### Extracted information
lemma density_trace_eq_opnorm:
  assumes "psd A"
  shows "\<exists>\<rho>. density \<rho> \<and> Re (trace (\<rho> ** A)) = opnorm A"
proof -
  obtain v where v: "norm v = 1" "Re (cinner v (A *v v)) = opnorm A"
    using psd_opnorm_attained[OF assms] by blast
  have "density (outer v v)"
    using trace_sum_outer[of "\<lambda>_. v" "{()}"] v(1) by (simp add: density_def psd_outer)
  moreover have "Re (trace (outer v v ** A)) = opnorm A"
    by (subst trace_mul_sym) (simp add: trace_mult_outer v(2))
  ultimately show ?thesis by blast
qed

section \<open>Random access codes\<close>

lemma qrac_prob_eq:
  fixes E :: "nat \<Rightarrow> nat \<Rightarrow> complex^'n^'n"
  shows "qrac_prob E M1 M2 = (1 / (2 * real CARD('n) ^ 2)) *
    (\<Sum>x\<in>{1..CARD('n)}. \<Sum>y\<in>{1..CARD('n)}. Re (trace (E x y ** (M1 x + M2 y))))"
  unfolding qrac_prob_def Let_def by (simp add: matrix_add_ldistrib trace_add)

lemma Pqrac_eq:
  fixes M1 M2 :: "nat \<Rightarrow> complex^'n^'n"
  assumes "\<And>x y. x \<in> {1..CARD('n)} \<Longrightarrow> y \<in> {1..CARD('n)} \<Longrightarrow> psd (M1 x + M2 y)"
  shows "Pqrac M1 M2 = (1 / (2 * real CARD('n) ^ 2)) *
    (\<Sum>x\<in>{1..CARD('n)}. \<Sum>y\<in>{1..CARD('n)}. opnorm (M1 x + M2 y))"
    (is "_ = ?opt")
proof -
  let ?X = "{1..CARD('n)}"
  have "qrac_prob E M1 M2 \<le> ?opt" if "\<forall>x\<in>?X. \<forall>y\<in>?X. density (E x y)" for E
    unfolding qrac_prob_eq
    by (intro mult_left_mono sum_mono density_trace_le_opnorm) (use that in auto)
  moreover
  define E where "E x y = (SOME \<rho>. density \<rho> \<and>
      Re (trace (\<rho> ** (M1 x + M2 y))) = opnorm (M1 x + M2 y))" for x y
  have E: "density (E x y) \<and> Re (trace (E x y ** (M1 x + M2 y))) = opnorm (M1 x + M2 y)"
    if "x \<in> ?X" and "y \<in> ?X" for x y
    unfolding E_def by (rule someI_ex[OF density_trace_eq_opnorm[OF assms[OF that]]])
  then have "qrac_prob E M1 M2 = ?opt"
    unfolding qrac_prob_eq by (intro arg_cong[where f = "\<lambda>s. _ * s"] sum.cong) auto
  moreover have "E \<in> {E. \<forall>x\<in>?X. \<forall>y\<in>?X. density (E x y)}"
    using E by blast
  ultimately show ?thesis
    unfolding Pqrac_def by (intro cSup_eq_maximum image_eqI[where x = E]) auto
qed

### Problem statement
How many lines of the material above contain the string "lambda"? Answer with the number only.

### Response for this exercise
2